Bug 959191

Summary: On start(restart) libvirt stops existing domains with PCI passthrough devices
Product: [Community] Virtualization Tools Reporter: Vlastimil Holer <vlastimil.holer>
Component: libvirtAssignee: Laine Stump <laine>
Status: CLOSED NEXTRELEASE QA Contact:
Severity: high Docs Contact:
Priority: unspecified    
Version: unspecifiedCC: dallan, dyasny, eblake, jdenemar, vlastimil.holer
Target Milestone: ---   
Target Release: ---   
Hardware: Unspecified   
OS: Unspecified   
Whiteboard:
Fixed In Version: Doc Type: Bug Fix
Doc Text:
Story Points: ---
Clone Of: Environment:
Last Closed: 2013-05-31 19:26:55 UTC Type: Bug
Regression: --- Mount Type: ---
Documentation: --- CRM:
Verified Versions: Category: ---
oVirt Team: --- RHEL 7.3 requirements from Atomic Host:
Cloudforms Team: --- Target Upstream Version:
Embargoed:
Attachments:
Description Flags
Domain with PCI passthrough dev.
none
Libvirt (start only) and QEMU debug logs none

Description Vlastimil Holer 2013-05-03 10:19:44 UTC
Created attachment 743145 [details]
Domain with PCI passthrough dev.

Description of problem:
If I have running domain (both persistent or transient) with PCI passthrough device, libvirt mustn't be restarted. On next libvirt start, it immediately terminates these running domains. If domain doesn't contain PCI passthrough device, everything works fine and this domain is untouched.

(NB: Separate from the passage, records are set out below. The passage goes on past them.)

lemma lex_less_rotate_rev_if_unique_zero_run:
  assumes "i + 1 < length \<rho>" "\<forall>r\<le>i. \<rho>!r = 0" "\<rho>!(i + 1) < \<rho>!(length \<rho> - 1)"
    and run: "\<And>m. m + i < length \<rho> \<Longrightarrow> \<forall>s\<le>i. \<rho>!(m + s) = 0 \<Longrightarrow> m = 0"
    and p: "p < length \<rho>"
  shows "lex_less \<rho> (rotate p (rev \<rho>))"
proof (cases "\<exists>r\<le>i. rotate p (rev \<rho>) ! r \<noteq> 0")
  case True
  then obtain r where "r \<le> i" "rotate p (rev \<rho>) ! r \<noteq> 0" by auto
  then show ?thesis using assms(1,2) by (intro lex_less_if_zeros_upto[of _ _ r]) auto
next
  case False
  then have zeros: "\<And>r. r \<le> i \<Longrightarrow> rotate p (rev \<rho>) ! r = 0" by auto
  let ?n = "length \<rho>"
  show ?thesis
  proof (cases "p + i < ?n")
    case True
    have "\<forall>s\<le>i. \<rho>!(?n - 1 - p - i + s) = 0"
    proof (intro allI impI)
      fix s assume s: "s \<le> i"
      have "rotate p (rev \<rho>) ! (i - s) = \<rho>!(?n - 1 - (p + (i - s)))"
        using s True p by (simp add: nth_rotate_rev_if)
      also have "?n - 1 - (p + (i - s)) = ?n - 1 - p - i + s" using s True by linarith
      finally show "\<rho>!(?n - 1 - p - i + s) = 0" using zeros[of "i - s"] by (metis diff_le_self)
    qed
    then have "?n - 1 - p - i = 0" by (rule run[rotated]) (use True in simp)
    then have "p + (i + 1) = ?n" using True by simp
    then have "rotate p (rev \<rho>) ! (i + 1) = \<rho>!(?n - 1)"
      using assms(1) p by (simp add: nth_rotate_rev_if)
    then show ?thesis
      using zeros assms(1-3) by (intro lex_lessI[of _ _ "i + 1"]) (auto simp: less_Suc_eq_le)
  next
    case False
    have "rotate p (rev \<rho>) ! (?n - p) = \<rho>!(?n - 1)"
      using p False assms(1) by (simp add: nth_rotate_rev_if)
    then show ?thesis using zeros[of "?n - p"] False assms(3) by simp
  qed
qed
lemma exists_grid_size:
  fixes L lam M :: real and r :: nat
  assumes "0 \<le> L" "r \<ge> 1" "lam > 0" "M \<ge> 0"
  shows "\<exists>N :: nat. N \<ge> 1 \<and> real N \<le> 1 + L * M powr (1 / real r) * lam powr (- 1 / real r) \<and>
           M * (L / real N) ^ r \<le> lam"
proof -
  define X where "X = (M / lam) powr (1 / real r)"
  define N where "N = max 1 (nat \<lceil>L * X\<rceil>)"
  have X0: "0 \<le> X" unfolding X_def by simp
  have N: "N \<ge> 1" "real N \<le> 1 + L * X" "L * X \<le> real N"
    unfolding N_def using assms X0 by (auto simp: of_nat_max) linarith+
  have "M * (L / real N) ^ r \<le> lam"
  proof (cases "M = 0")
    case False
    then have Xp: "X > 0" using assms unfolding X_def by auto
    have "L / real N \<le> 1 / X" using N Xp by (auto simp: field_simps)
    then have "(L / real N) ^ r \<le> (1 / X) ^ r" using assms N by (intro power_mono) auto
    also have "\<dots> = lam / M"
      using powr_power[of "M / lam" "1 / real r" r] False assms
      unfolding X_def by (simp add: power_divide)
    finally show ?thesis using False assms by (simp add: field_simps)
  qed (use assms in simp)
  moreover have "X = M powr (1 / real r) * lam powr (- 1 / real r)"
    unfolding X_def powr_divide using powr_minus[of lam "1 / real r"] by (simp add: divide_inverse)
  ultimately show ?thesis using N by (metis mult.assoc)
qed
(* Let $n\ge 6$ be even, and let $d_*=(\epsilon_1,\dots,\epsilon_{n-1},h)$ and $d_*'=(\epsilon_1',\dots,\epsilon_{n-1}',h')$ be neighbors. Then there is no index $j\in[1,n-1]$ with $\epsilon_j=1$ and $\epsilon'_j=-1$, nor with $\epsilon_j=-1$ and $\epsilon'_j=1$.
   Context: Symbols are $[1,n]$; $\mathrm{dist}(a,b)$ is the minimum of the residues of $a-b$ and $b-a$ mod $n$ (in $[0,n-1]$). A Latin row is a permutation $(s_1,\dots,s_n)$ of $[1,n]$; its inner distance is $\min_j\mathrm{dist}(s_j,s_{j+1})$. Its extended difference row is $(\epsilon_1,\dots,\epsilon_{n-1},h)$ where, with $h_j\in[0,n-1]$, $h_j\equiv s_{j+1}-s_j\pmod n$ ($1\le j\le n-1$), $h_n\equiv s_1-s_n\pmod n$, $\epsilon_j=h_j-\frac n2$, $h=h_n-\frac n2$ (integers); for rows of inner distance $\frac n2-1$ each $\epsilon_j\in\{-1,0,1\}$. A Latin rectangle is a matrix over $[1,n]$ with no repeats in any row or column; its inner distance is the minimum of $\mathrm{dist}$ over symbols in horizontally or vertically adjacent cells. Two extended difference rows of Latin rows of inner distance $\frac n2-1$ are neighbors if there exist Latin rows $r,r'$ with these extended difference rows such that the $2\times n$ matrix with rows $r$ and $r'$ is a Latin rectangle of inner distance $\frac n2-1$. *)

theory Defs
  imports Main
begin

text \<open>Symbols are the integers 1..n. Rows are int lists of length n; list position k
  (0-based) holds the entry s_(k+1) of the paper.\<close>

definition cdist :: "nat \<Rightarrow> int \<Rightarrow> int \<Rightarrow> int" where
  "cdist n a b = min ((a - b) mod int n) ((b - a) mod int n)"

definition latin_row :: "nat \<Rightarrow> int list \<Rightarrow> bool" where
  "latin_row n s \<longleftrightarrow> length s = n \<and> distinct s \<and> set s = {1..int n}"

definition row_inner_dist :: "nat \<Rightarrow> int list \<Rightarrow> int" where
  "row_inner_dist n s = Min {cdist n (s ! j) (s ! Suc j) | j. Suc j < n}"

definition ext_diff_row :: "nat \<Rightarrow> int list \<Rightarrow> int list" where
  "ext_diff_row n s =
     map (\<lambda>j. (s ! Suc j - s ! j) mod int n - int n div 2) [0..<n - 1]
     @ [(s ! 0 - s ! (n - 1)) mod int n - int n div 2]"

definition latin_rect :: "nat \<Rightarrow> int list list \<Rightarrow> bool" where
  "latin_rect n M \<longleftrightarrow>
     (\<forall>r\<in>set M. length r = n \<and> distinct r \<and> set r \<subseteq> {1..int n}) \<and>
     (\<forall>j<n. distinct (map (\<lambda>r. r ! j) M))"
lemma walk_inner_swapped: "is_walk swapped q"
proof (rule is_walk_subgraph[OF walk_inner])
  fix e assume "e \<in> E" "e \<subseteq> set q"
  moreover have "e \<notin> removed"
    using \<open>e \<subseteq> set q\<close> ends_notin_inner leaf_off_path unfolding removed_def by auto
  ultimately show "e \<in> swapped" unfolding swapped_def by blast
qed

lemma reachable_swapped: "v \<in> V \<Longrightarrow> reachable swapped v a"
proof -
  have added_swapped: "e \<in> added \<Longrightarrow> e \<in> swapped" for e unfolding swapped_def by blast
  have x_l: "reachable swapped x l"
  proof -
    have "reachable swapped x (hd q)" "reachable swapped (last q) l"
      using added_swapped unfolding added_def by (simp_all add: reachable_edge)
    moreover have "reachable swapped (hd q) (last q)"
      using walk_reachable[OF walk_inner_swapped inner_ends] .
    ultimately show ?thesis by (blast intro: reachable_trans)
  qed
  have outside: "reachable swapped y z" if "{y, z} \<in> E" "y \<notin> set q" "z \<notin> set q" for y z
  proof (cases "{y, z} \<in> removed")
    case True
    with that inner_ends have "{y, z} = {x, l}" unfolding removed_def by (auto simp: doubleton_eq_iff)
    then have "(y = x \<and> z = l) \<or> (y = l \<and> z = x)" by (auto simp: doubleton_eq_iff)
    then show ?thesis using x_l reachable_sym[OF x_l] by blast
  next
    case False
    with that(1) show ?thesis unfolding swapped_def by (simp add: reachable_edge)
  qed
  have boundary: "reachable swapped a z" if "{y, z} \<in> E" "y \<in> set q" "z \<notin> set q" for y z
  proof -
    from that have "z = a \<or> z = b" using inner_neighbour by blast
    then show ?thesis
      using added_swapped[of "{a, b}"] unfolding added_def by (auto intro: reachable_refl reachable_edge)
  qed
  have off_inner: "reachable swapped v a" if "v \<in> V" "v \<notin> set q" for v
    using reachable_collapse[OF tree_reachable[OF tree that(1) in_V(1)] ends_notin_inner(1) outside boundary]
      that(2) by simp
  show "v \<in> V \<Longrightarrow> reachable swapped v a"
  proof (cases "v \<in> set q")
    case True
    have "reachable swapped v (hd q)" using walk_reachable[OF walk_inner_swapped True inner_ends(1)] .
    moreover have "reachable swapped (hd q) x"
      using added_swapped unfolding added_def by (simp add: reachable_edge insert_commute)
    moreover have "reachable swapped x a" using off_inner in_V leaf_neighbour_off_inner by blast
    ultimately show ?thesis by (blast intro: reachable_trans)
  qed (use off_inner in blast)
qed

lemma swapped_tree: "is_tree V swapped" and added_disjoint: "added \<inter> (E - removed) = {}"
proof -
  have "card added = card removed"
    unfolding removed_def added_def using removed_distinct added_distinct by simp
  then show "is_tree V swapped" "added \<inter> (E - removed) = {}"
    using tree_exchange[OF tree removed_subset _ _ added_edges in_V(1)] reachable_swapped
    unfolding swapped_def added_def by simp_all
qed

lemma deg_swapped: "deg swapped v = deg E v"
proof -
  let ?ind = "\<lambda>e. of_bool (v \<in> e) :: nat"
  have fin: "finite E" "finite added" "finite swapped"
    using tree_finite_edges[OF tree] tree_finite_edges[OF swapped_tree] unfolding added_def by simp_all
  note doubletons = ends_distinct ends_notin_inner(3) leaf_neighbour_ne
  have incidences: "(\<Sum>e\<in>removed. ?ind e) = (\<Sum>e\<in>added. ?ind e)"
    unfolding removed_def added_def sum_three[OF removed_distinct] sum_three[OF added_distinct]
      of_bool_mem_doubleton[OF doubletons(1)] of_bool_mem_doubleton[OF doubletons(2)]
      of_bool_mem_doubleton[OF doubletons(3)] of_bool_mem_doubleton[OF doubletons(4)]
      of_bool_mem_doubleton[OF doubletons(5)] of_bool_mem_doubleton[OF doubletons(6)]
    by linarith
  have "deg swapped v = (\<Sum>e\<in>swapped. ?ind e)" using fin(3) by (rule deg_eq_sum)
  also have "\<dots> = (\<Sum>e\<in>E. ?ind e)"
    using sum_exchange[OF fin(1) removed_subset fin(2) added_disjoint, of ?ind] incidences
    unfolding swapped_def by simp
  also have "\<dots> = deg E v" using fin(1) by (rule deg_eq_sum[symmetric])
  finally show ?thesis .
qed

lemma M2_swapped: "M2 E < M2 swapped"
proof -
  let ?w = "\<lambda>e. \<Prod>v\<in>e. deg E v"
  have fin: "finite E" "finite added" using tree_finite_edges[OF tree] unfolding added_def by simp_all
  have "M2 swapped = sum ?w swapped" unfolding M2_def deg_swapped ..
  then have sums: "M2 swapped + sum ?w removed = M2 E + sum ?w added"
    using sum_exchange[OF fin(1) removed_subset fin(2) added_disjoint, of ?w]
    unfolding M2_def swapped_def by simp
  have "sum ?w removed = deg E a * 2 + 2 * deg E b + deg E x * 1"
    "sum ?w added = deg E a * deg E b + deg E x * 2 + 2 * 1"
    unfolding removed_def added_def sum_three[OF removed_distinct] sum_three[OF added_distinct]
    using ends_distinct ends_notin_inner(3) leaf_neighbour_ne deg_inner[OF inner_ends(1)]
      deg_inner[OF inner_ends(2)] leaf
    by simp_all
  moreover have "deg E a * 2 + 2 * deg E b + deg E x < deg E a * deg E b + deg E x * 2 + 2"
  proof -
    obtain i j where "deg E a = i + 3" "deg E b = j + 3"
      using deg_ends by (metis add.commute le_iff_add)
    then show ?thesis using deg_leaf_neighbour by (simp add: algebra_simps)
  qed
  ultimately show ?thesis using sums by simp
qed

end

lemma tree_internal_path_improvable:
  assumes tree: "is_tree V E" and p: "internal_path E p" and "1 < path_length p"
  shows "\<exists>E'. is_tree V E' \<and> (\<forall>v. deg E' v = deg E v) \<and> M2 E < M2 E'"
proof -
  obtain a q b where p_eq: "p = a # q @ [b]" and "q \<noteq> []"
  proof -
    from \<open>1 < path_length p\<close> obtain a r where "p = a # r" "2 \<le> length r"
      unfolding path_length_def by (cases p) auto
    moreover from this have "r = butlast r @ [last r]" "butlast r \<noteq> []"
      by (cases r rule: rev_cases; auto)+
    ultimately show thesis using that[of a "butlast r" "last r"] by simp
  qed
  interpret long_internal_path V E a b q
    using tree p \<open>q \<noteq> []\<close> unfolding p_eq by unfold_locales
  have "card {a, b} \<le> card V"
    using tree_edgeD[OF tree edge_first] tree_edgeD[OF tree edge_last] tree_finite_vertices[OF tree]
    by (intro card_mono) auto
  then have "2 \<le> card V" using ends_notin_inner(3) by simp
  then obtain l where "l \<in> V" "deg E l = 1" using tree_leaf_exists[OF tree] by blast
  then obtain x where "{l, x} \<in> E"
    using exists_neighbour_outside[of E "{}" l] tree_edge_card[OF tree] by auto
  interpret internal_path_and_leaf V E a b q l x
    using \<open>deg E l = 1\<close> \<open>{l, x} \<in> E\<close> by unfold_locales (simp_all add: insert_commute)
  show ?thesis using swapped_tree deg_swapped M2_swapped by blast
qed

theorem lemma3:
  fixes V :: "'a set" and E :: "'a set set" and n k :: nat
  assumes "3 \<le> k" and "k \<le> n - 1"
    and "(V, E) \<in> CT n k"
    and "\<forall>(V', E') \<in> (CT n k :: (nat set \<times> nat set set) set). M2 E' \<le> M2 E"
  shows "\<forall>p. internal_path E p \<longrightarrow> \<not> path_length p > 1"
proof (intro allI impI notI)
  fix p assume "internal_path E p" and "path_length p > 1"
  have tree: "is_tree V E" using assms(3) unfolding CT_def chemical_tree_def by simp
  then obtain E' where tree': "is_tree V E'" and "\<forall>v. deg E' v = deg E v" and "M2 E < M2 E'"
    using tree_internal_path_improvable \<open>internal_path E p\<close> \<open>path_length p > 1\<close> by blast
  then have "(V, E') \<in> CT n k" using CT_same_degrees[OF assms(3) tree'] by blast
  obtain f :: "'a \<Rightarrow> nat" where "inj_on f V"
    using finite_imp_inj_to_nat_seg[OF tree_finite_vertices[OF tree]] by blast
  then have "(f ` V, (`) f ` E') \<in> CT n k" "M2 ((`) f ` E') = M2 E'"
    using CT_relabel[OF tree' _ \<open>(V, E') \<in> CT n k\<close>] M2_relabel[OF tree'] by simp_all
  with assms(4) \<open>M2 E < M2 E'\<close> show False by fastforce
qed

end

Version-Release number of selected component (if applicable):
libvirt 1.0.5 (from Debian experimental)
QEMU 1.4.1 (from Debian experimental)
kernel 3.2.41

Steps to Reproduce:
1. start domain with PCI passthrough device
2. stop libvirt
3. start libvirt
  
Actual results:
Domain with PCI passthrough device is stopped on libvirt start.

Expected results:
Domain remains running.

Additional info:
I'm attaching domain XML definition for failing domain and libvirt daemon debug logs with running domains: 1) with PCI device, 2) without PCI device

Comment 1 Vlastimil Holer 2013-05-03 10:32:37 UTC
Created attachment 743150 [details]
Libvirt (start only) and QEMU debug logs

Comment 2 Vlastimil Holer 2013-05-03 10:41:33 UTC
Tested with two different PCI devices, always terminates domain.

<device>
  <name>pci_0000_03_00_0</name>
  <parent>pci_0000_00_02_0</parent>
  <capability type='pci'>
    <domain>0</domain>
    <bus>3</bus>
    <slot>0</slot>
    <function>0</function>
    <product id='0x1003'>MT27500 Family [ConnectX-3]</product>
    <vendor id='0x15b3'>Mellanox Technologies</vendor>
  </capability>
</device>

<device>
  <name>pci_0000_00_1f_2</name>
  <parent>computer</parent>
  <driver>
    <name>ata_piix</name>
  </driver>
  <capability type='pci'>
    <domain>0</domain>
    <bus>0</bus>
    <slot>31</slot>
    <function>2</function>
    <product id='0x1d00'>C600/X79 series chipset 4-Port SATA IDE Controller</product>
    <vendor id='0x8086'>Intel Corporation</vendor>
  </capability>
</device>

Comment 3 Jiri Denemark 2013-05-23 20:57:28 UTC
Logs suggest it might be related to nwfilter as that is the last thing done before the domain gets killed. And the result of nwfilter commands differs between the two logs. What happens if you remove

<filterref filter="clean-traffic">
  <parameter name="IP" value="147.251.254.121"/>
</filterref>

from domain definition? Is it still terminated when you restart libvirtd?

Comment 4 Vlastimil Holer 2013-05-30 12:10:36 UTC
Sorry for delay. No, it doesn't help either (v1.0.5). Domain with PCI device and without nwfilter is killed on libvirt restart as well.

Comment 6 Laine Stump 2013-05-31 19:26:34 UTC
I believe this is the cause of the problem:

http://libvirt.org/git/?p=libvirt.git;a=commit;h=2ea45647bcde23cff5da48f725561ff5ba3fba39

That patch has been pushed upstream (so it will be in libvirt-1.0.6) and also to the maintenance branches for 1.0.3, 1.0.4, and 1.0.5 (which are the only releases affected by the bug). Distro maintainers should pull from the -maint branch and do a new build as soon as possible, since this misbehavior is just not at all nice.